Auteur vs. Screenwriter: The Revival. Scontro di Titani. Chi ha “ragione”? Chi “torto”? Che la verità non stia piuttosto nel mezzo? L’ineffabile “ripescaggio” d’una sedicente controversia, la quale non ha mai avuto senso d’esistere, ecco cos’è questo Mank, nuovo opus di David Fincher. A che pro? A che pro dico andare a ritirar fuori una simile vicenda?
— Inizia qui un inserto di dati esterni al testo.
lemma card_determines_card_maxs_imp_mins_below_in_upper_cuts:
  assumes fin: "finite \<Omega>" and po: "poset_on \<Omega> le" and cd: "card_determines_card_maxs \<Omega> le"
  shows "mins_below_in_upper_cuts \<Omega> le"
  unfolding mins_below_in_upper_cuts_def
proof (intro allI impI ballI)
  fix B c d0 assume B: "upper_cut \<Omega> le B" and c: "c \<in> mins le B" and d0: "d0 \<in> B - mins le B"
  show "le c d0"
  proof (rule ccontr)
    assume "\<not> le c d0"
    then obtain d where d: "d \<in> B - mins le B" "\<not> le c d"
      and below_d: "\<forall>e\<in>B. le e d \<and> e \<noteq> d \<longrightarrow> e \<in> mins le B - {c}"
      using upper_cut_minimal_not_above[OF fin po B c d0] by blast
    obtain w where "w \<in> B" "le w d" "w \<noteq> d" using d unfolding mins_def by blast
    then have w: "w \<in> mins le B - {c}" using below_d by blast
    have "B \<subseteq> \<Omega>" using B unfolding upper_cut_def by blast
    let ?I = "(\<Omega> - B) \<union> mins le B" and ?J = "(\<Omega> - B) \<union> insert d (mins le B - {c})"
    have "\<forall>s\<in>mins le B. \<forall>e\<in>B. le e s \<longrightarrow> e \<in> mins le B"
      using mins_minimal by metis
    then have "?I \<in> ideals \<Omega> le" by (rule upper_cut_compl_Un_ideal[OF po B mins_subset])
    moreover have "?J \<in> ideals \<Omega> le"
      using d(1) below_d by (intro upper_cut_exchange_ideal[OF po B]) auto
    moreover have "card ?J = card ?I" using card_exchange_min[OF fin \<open>B \<subseteq> \<Omega>\<close> c d(1)] .
    ultimately have "card (maxs le ?J) = card (maxs le ?I)"
      using cd unfolding card_determines_card_maxs_def by blast
    moreover have "card (maxs le ?J) < card (mins le B)"
      using card_maxs_exchange_less[OF fin B _ w \<open>le w d\<close> \<open>w \<noteq> d\<close> c] d(1) by blast
    moreover have "finite ?I"
      using fin finite_subset[OF mins_subset finite_subset[OF \<open>B \<subseteq> \<Omega>\<close> fin]] by simp
    then have "card (mins le B) \<le> card (maxs le ?I)"
      by (rule card_mono[OF finite_subset[OF maxs_subset]]) (rule upper_cut_mins_subset_maxs[OF po B])
    ultimately show False by simp
  qed
qed

definition least_upper_cut :: "'a set \<Rightarrow> ('a \<Rightarrow> 'a \<Rightarrow> bool) \<Rightarrow> 'a \<Rightarrow> 'a set" where
  "least_upper_cut \<Omega> le z = \<Inter>{B. upper_cut \<Omega> le B \<and> z \<in> B}"

lemma upper_cut_least_upper_cut:
  assumes "z \<in> \<Omega>"
  shows "upper_cut \<Omega> le (least_upper_cut \<Omega> le z)"
  unfolding upper_cut_def
proof (intro conjI ballI)
  have "upper_cut \<Omega> le \<Omega>" unfolding upper_cut_def by blast
  then show "least_upper_cut \<Omega> le z \<subseteq> \<Omega>"
    using assms unfolding least_upper_cut_def by blast
  fix a b assume a: "a \<in> \<Omega> - least_upper_cut \<Omega> le z" and b: "b \<in> least_upper_cut \<Omega> le z"
  then obtain B where B: "upper_cut \<Omega> le B" "z \<in> B" "a \<notin> B"
    unfolding least_upper_cut_def by blast
  then have "b \<in> B" using b unfolding least_upper_cut_def by blast
  then show "le a b" using a B unfolding upper_cut_def by blast
qed

lemma mem_least_upper_cut: "z \<in> \<Omega> \<Longrightarrow> z \<in> least_upper_cut \<Omega> le z"
  unfolding least_upper_cut_def by blast

lemma least_upper_cut_subset:
  "upper_cut \<Omega> le B \<Longrightarrow> z \<in> B \<Longrightarrow> least_upper_cut \<Omega> le z \<subseteq> B"
  unfolding least_upper_cut_def by blast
E’ decisamente un qualcosa che ci si ritrova a chiedersi via via sempre più insistentemente nel corso della visione.

 

Il fatto che all’origine fosse un progetto del padre, a lungo meditato, ha forse fatto un po’ troppo sorvolare il regista circa numerose fragilità al livello dell'architrave narrativa che presumibilmente in un altro frangente avrebbe notato e corretto.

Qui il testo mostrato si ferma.